The umbilical artery is a paired artery (with one for each half of the body) that is found in the abdominal and pelvic regions.  In the fetus, it extends into the umbilical cord.

Structure

Development
The umbilical arteries supply deoxygenated blood from the fetus to the placenta. Although this blood is typically referred to as deoxygenated, this blood is fetal systemic arterial blood and will have the same amount of oxygen and nutrients as blood distributed to the other fetal tissues. There are usually two umbilical arteries present together with one umbilical vein in the umbilical cord. The umbilical arteries surround the urinary bladder and then carry all the deoxygenated blood out of the fetus through the umbilical cord.
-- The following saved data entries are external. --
theorem corollary4p1p14:
  fixes \<iota> :: "'a::{finite,field} poly \<Rightarrow> 'b::idom"
    and f :: "'a poly \<Rightarrow> 'b"
    and d e \<beta> :: nat
    and \<beta>s :: "nat \<Rightarrow> nat"
  assumes iota_add: "\<And>x y. \<iota> (x + y) = \<iota> x + \<iota> y"
    and iota_mult: "\<And>x y. \<iota> (x * y) = \<iota> x * \<iota> y"
    and iota_one: "\<iota> 1 = 1"
    and iota_inj: "inj \<iota>"
    and f_add: "\<And>x y. f (x + y) = f x + f y"
    and f_smult: "\<And>c x. f (smult c x) = \<iota> [:c:] * f x"
    and digits: "\<And>i. i \<le> e \<Longrightarrow> \<beta>s i < CARD('a)"
    and expansion: "\<beta> = (\<Sum>i\<le>e. \<beta>s i * CARD('a) ^ i)"
    and small: "(\<Sum>i\<le>e. \<beta>s i) < CARD('a)"
  shows "map_poly frac_emb (Md \<iota> d (\<lambda>a. f a ^ \<beta>)) =
           [: frac_emb (coeff (Md \<iota> d (\<lambda>_. 1)) 0) powi (1 - int (\<Sum>i\<le>e. \<beta>s i)) :] *
           (\<Prod>i\<le>e. (map_poly frac_emb (Md \<iota> d (\<lambda>a. f a ^ (CARD('a) ^ i)))) ^ \<beta>s i)"
proof -
  have \<iota>: "Fq_embedding \<iota>"
    using iota_add iota_mult iota_one iota_inj by unfold_locales
  interpret \<iota>: Fq_embedding \<iota> by (fact \<iota>)
  interpret \<kappa>: Fq_embedding "\<lambda>x. frac_emb (\<iota> x)" using \<iota> by (rule Fq_embedding_frac_emb)
  have "\<kappa>.Fq_linear (\<lambda>a. frac_emb (f a))"
    by (simp add: \<kappa>.Fq_linear_def f_add f_smult frac_emb_add frac_emb_mult)
  from Md_power_digits[OF \<kappa>.Fq_embedding_axioms this small]
  show ?thesis
    by (simp add: expansion map_poly_frac_emb_Md[OF \<iota>] \<iota>.Md_one \<kappa>.Md_one frac_emb_power)
qed

end
theorem theoremA3:
  fixes P Q :: "'a::field fps fps" and \<phi> :: "'a fps" and l e :: nat
  defines "p \<equiv> CHAR('a)"
  assumes char_pos: "p > 0"
    and e_pos: "e \<ge> 1"
    and coprime: "coprime p e"
    and factor: "P = (fps_X - fps_const \<phi>) ^ (p ^ l * e) * Q"
    and phi0: "fps_nth \<phi> 0 = 0"
    and Q00: "bcoeff Q 0 0 \<noteq> 0"
  shows "(\<exists>R. of_nat e * subst_ty P * R = fps_X ^ (2 * p ^ l) * subst_ty (hasse_y (p ^ l) P))
       \<and> (\<forall>R. of_nat e * subst_ty P * R = fps_X ^ (2 * p ^ l) * subst_ty (hasse_y (p ^ l) P)
              \<longrightarrow> \<phi> ^ (p ^ l) = diag R)"
proof -
  have prime: "prime CHAR('a)"
    using char_pos prime_CHAR_semidom unfolding p_def by blast
  define q where "q = p ^ l"
  have q: "q = CHAR('a) ^ l" and "q > 0"
    using prime by (simp_all add: q_def p_def prime_gt_0_nat)
  obtain m where m: "e = Suc m"
    using e_pos by (cases e) auto
  have e: "(of_nat e :: 'a) \<noteq> 0"
    using coprime of_nat_neq_0_if_coprime_CHAR unfolding p_def by blast
  have frobenius: "(fps_X - fps_const \<phi>) ^ q = fps_X ^ q - fps_const (\<phi> ^ q)"
    using prime q by (simp add: freshmans_dream_diff)
  have P: "P = (fps_X ^ q - fps_const (\<phi> ^ q)) ^ Suc m * Q"
    unfolding factor m by (simp only: power_mult frobenius flip: q_def)
  obtain R1 where R1: "(fps_X ^ q - subst_ty (fps_const (\<phi> ^ q))) * R1 = fps_X ^ (2 * q)"
    and "diag R1 = \<phi> ^ q"
    using \<open>q > 0\<close> phi0 by (rule diag_root_quotient)
  obtain Q' where "Q * Q' = 1"
    using Q00 by (rule bivariate_right_inverse)
  define E :: "'a fps fps" where "E = fps_const (fps_const (inverse (of_nat e)))"
  have "of_nat (Suc m) * E = 1"
    using e by (simp add: E_def m flip: fps_of_nat)
  define R0 where "R0 = R1 + fps_X ^ (2 * q) * subst_ty (hasse_y q Q * Q' * E)"
  have eq: "of_nat e * subst_ty P * R0 = fps_X ^ (2 * q) * subst_ty (hasse_y q P)"
    unfolding R0_def P m by (rule subst_hasse_quotient[OF prime q R1 \<open>Q * Q' = 1\<close> \<open>of_nat (Suc m) * E = 1\<close>])
  have "diag R0 = \<phi> ^ q"
    using \<open>diag R1 = \<phi> ^ q\<close> \<open>q > 0\<close> by (simp add: R0_def diag_add diag_X_power_mult_subst_ty)
  moreover have "of_nat e * subst_ty P \<noteq> 0"
  proof -
    have "(fps_X - fps_const \<phi> :: 'a fps fps) \<noteq> 0"
      using arg_cong[of "fps_X - fps_const \<phi>" 0 "\<lambda>F. F $ 1"] by auto
    moreover have "Q \<noteq> 0"
      using Q00 by auto
    ultimately show ?thesis
      using e by (simp add: factor subst_ty_eq_0_iff flip: fps_of_nat)
  qed
  ultimately show ?thesis
    using eq unfolding q_def by (metis mult_left_cancel)
qed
Inside the placenta, the umbilical arteries connect with each other at a distance of approximately 5 mm from the cord insertion in what is called the Hyrtl anastomosis. Subsequently, they branch into chorionic arteries or intraplacental fetal arteries.

The umbilical arteries are actually the latter of the internal iliac arteries (anterior division of). These supply the hind limbs with blood and nutrients in the fetus.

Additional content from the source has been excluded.